Opinion
What BRICS can do for South Africa and Africa
Manufactured goods, an added value category that South Africa can look to grow, accounted for 14.3 percent, while capital and transport equipment accounted for 2.2 percent and other manufactured goods made up only 0.2 percent.
Chemicals and related products, another value added category, accounted for 4.5 percent; beverages and tobacco, another processed goods category, took up only 0.1 percent while food and live animals, which are primary goods since they are not processed, accounted for 1 percent.
Minerals, lubricants and related materials accounted for 17.6 percent, a decent figure but what one that has room to be grown further.
The process of re-orientating South African exports to value added goods starts at this week’s drafting of negotiation position before devolving to the trade negotiation level.
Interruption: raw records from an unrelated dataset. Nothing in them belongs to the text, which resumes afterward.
definition lin_form :: "nat \<Rightarrow> nat \<Rightarrow> (nat \<Rightarrow> nat \<Rightarrow> int) \<Rightarrow> (nat \<Rightarrow> nat \<Rightarrow> int) \<Rightarrow> int" where
  "lin_form n p a X = (\<Sum>i<n. \<Sum>j<n. a i j * X i j) mod int p"

definition S_p :: "nat \<Rightarrow> nat \<Rightarrow> (nat \<Rightarrow> nat \<Rightarrow> int) \<Rightarrow> complex" where
  "S_p n p a = (\<Sum>X\<in>{X \<in> Fp_matrices n p. det_zero_mod n p X}.
      exp (2 * of_real pi * \<i> * of_int (lin_form n p a X) / of_nat p))"

end

theory Submission
  imports Defs
begin

(* Expand the determinant along a row k in which L has a coefficient a_kl not divisible by p.
   For fixed remaining rows Y, the condition det X = 0 says that row k lies in the hyperplane
   orthogonal to the cofactor vector c(Y), and the character sum of L over that hyperplane has
   modulus at most p^(n-1). As c(Y) is orthogonal to every row Y_i, translation by a row Y_i with
   a_k . Y_i not divisible by p maps the hyperplane to itself and multiplies the sum by a
   nontrivial p-th root of unity. So only the p^((n-1)^2) families Y whose rows all lie in the
   hyperplane orthogonal to a_k contribute, and |S_p(L)| <= p^(n(n-1)) <= p^(n^2-(n+1)/2). *)

definition addchar :: "nat \<Rightarrow> int \<Rightarrow> complex" where
  "addchar p m = exp (2 * of_real pi * \<i> * of_int m / of_nat p)"

lemma addchar_add: "addchar p (a + b) = addchar p a * addchar p b"
  unfolding addchar_def by (simp add: exp_add[symmetric] add_divide_distrib algebra_simps)

lemma norm_addchar [simp]: "norm (addchar p m) = 1"
  unfolding addchar_def by (simp add: norm_exp_eq_Re)

lemma addchar_eq_1_iff:
  assumes "p > 0"
  shows "addchar p m = 1 \<longleftrightarrow> int p dvd m"
proof -
  have "addchar p m = exp (complex_of_real (2 * pi * m / p) * \<i>)"
    unfolding addchar_def by (simp add: field_simps)
  also have "\<dots> = 1 \<longleftrightarrow> (\<exists>q::int. 2 * pi * m / p = 2 * pi * q)"
    by (simp add: exp_eq_1 algebra_simps)
  also have "\<dots> \<longleftrightarrow> (\<exists>q::int. m = int p * q)"
    using assms by (simp add: field_simps) (metis of_int_eq_iff of_int_mult of_int_of_nat_eq)
  finally show ?thesis by (auto simp: dvd_def)
qed

lemma addchar_mod:
  assumes "p > 0"
  shows "addchar p (m mod int p) = addchar p m"
proof -
  have "addchar p m = addchar p (m mod int p) * addchar p (int p * (m div int p))"
    by (simp flip: addchar_add)
  then show ?thesis using assms by (simp add: addchar_eq_1_iff)
qed

definition dot :: "nat \<Rightarrow> (nat \<Rightarrow> 'a) \<Rightarrow> (nat \<Rightarrow> 'a) \<Rightarrow> 'a::comm_semiring_0" where
  "dot n x y = (\<Sum>j<n. x j * y j)"

lemma dot_commute: "dot n x y = dot n y x"
  unfolding dot_def by (simp add: mult.commute)

lemma dot_restrict_left [simp]: "dot n (restrict x {0..<n}) y = dot n x y"
  unfolding dot_def by (rule sum.cong) auto

lemma dot_add_left: "dot n (\<lambda>j. x j + y j) z = dot n x z + dot n y z"
  unfolding dot_def by (simp add: sum.distrib distrib_right)

lemma dot_mod_left: "dot n (\<lambda>j. x j mod m) y mod m = dot n x y mod (m::int)"
proof -
  have "dot n (\<lambda>j. x j mod m) y mod m = (\<Sum>j<n. (x j mod m * y j) mod m) mod m"
    unfolding dot_def by (rule mod_sum_eq[symmetric])
  also have "\<dots> = (\<Sum>j<n. (x j * y j) mod m) mod m"
    by (simp add: mod_mult_left_eq)
  also have "\<dots> = dot n x y mod m"
    unfolding dot_def by (rule mod_sum_eq)
  finally show ?thesis .
qed

definition Fp_vectors :: "nat \<Rightarrow> nat \<Rightarrow> (nat \<Rightarrow> int) set" where
  "Fp_vectors n p = {0..<n} \<rightarrow>\<^sub>E {0..<int p}"

lemma finite_Fp_vectors [simp]: "finite (Fp_vectors n p)"
  unfolding Fp_vectors_def by (simp add: finite_PiE)

definition shift_mod :: "nat \<Rightarrow> nat \<Rightarrow> (nat \<Rightarrow> int) \<Rightarrow> (nat \<Rightarrow> int) \<Rightarrow> nat \<Rightarrow> int" where
  "shift_mod n p v x = restrict (\<lambda>j. (x j + v j) mod int p) {0..<n}"

lemma shift_mod_in_Fp_vectors: "p > 0 \<Longrightarrow> shift_mod n p v x \<in> Fp_vectors n p"
  unfolding shift_mod_def Fp_vectors_def by auto

lemma shift_mod_shift_mod_uminus:
  assumes "x \<in> Fp_vectors n p"
  shows "shift_mod n p (\<lambda>j. - v j) (shift_mod n p v x) = x"
proof (rule ext)
  fix j
  show "shift_mod n p (\<lambda>j. - v j) (shift_mod n p v x) j = x j"
  proof (cases "j < n")
    case True
    then have "x j \<in> {0..<int p}" using assms by (auto simp: Fp_vectors_def)
    with True show ?thesis by (simp add: shift_mod_def mod_diff_left_eq)
  next
    case False
    then have "x j = undefined" using assms unfolding Fp_vectors_def by (intro PiE_arb) auto
    with False show ?thesis by (simp add: shift_mod_def)
  qed
qed

lemma bij_betw_shift_mod:
  assumes "p > 0"
  shows "bij_betw (shift_mod n p v) (Fp_vectors n p) (Fp_vectors n p)"
proof (rule bij_betwI[where g = "shift_mod n p (\<lambda>j. - v j)"])
  show "\<And>x. x \<in> Fp_vectors n p \<Longrightarrow> shift_mod n p (\<lambda>j. - v j) (shift_mod n p v x) = x"
    by (rule shift_mod_shift_mod_uminus)
  show "\<And>x. x \<in> Fp_vectors n p \<Longrightarrow> shift_mod n p v (shift_mod n p (\<lambda>j. - v j) x) = x"
    using shift_mod_shift_mod_uminus[of _ n p "\<lambda>j. - v j"] by simp
qed (use assms shift_mod_in_Fp_vectors in auto)

lemma dot_shift_mod_mod:
  "dot n (shift_mod n p v x) c mod int p = (dot n x c + dot n v c) mod int p"
  unfolding shift_mod_def dot_restrict_left dot_mod_left dot_add_left ..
Countries rarely open up their markets for high value, processed goods as many want to protect domestic industries, but in countries like China an undertaking to open up markets is not enough as bureaucracy at its ports, language barriers and regulations make exporting into China difficult. Other countries use measures like import restrictions, again to protect domestic industries. Breaking down such barriers requires tough negotiations that casts diplomacy aside.
Beneficiation is another area that South Africa needs to improve on given its mineral endowment. But beneficiation is skills and capital intensive and it is a fight for global market share which means that a smelter opening in one part of the globe, somewhere in Africa, means a closure of another smelter, usually somewhere in the developing world but possibly in a BRICS country, with its attendant problem of job losses and social consequences that such closures can cause. There is no country that will let African countries take away their lunch while they sit idly.
Beneficiation has to be fought for and sometimes pursued at an initial high cost for Africa to win its right to add value to most of its minerals. A study by Deloitte found that South Africa produces 90 percent of the world’s platinum but only 24 percent of catalytic converters, one of key uses of platinum. It is such patterns of production that need to change.
Finally, the summit will officially inaugurate the BRICS Bank, a remarkable feat when one considers that the idea was formally mooted at the 4th Summit in India in 2012, and formalized in Durban the next year. But the institution’s architects will find that their decision to give each country an equal vote irrespective of contribution, while egalitarian and noble, has its limitations. The decision is meant to be anathema to the Breton Woods institutions (i.e. the World Bank and International Monetary Fund) that the BRICS bank is designed to counter.
But what they will find is that the country that contributes the most – likely to be China given the size of its reserves – will demand a bigger say in how money is spent. So while the greatest area of need for infrastructure funding among BRICS countries is in Africa, the continent may not get as much as it needs unless its needs are aligned to China and the continent furiously lobbies Shanghai, where the bank will be headquartered.
South Africa must use this opportunity to raise Africa’s voice.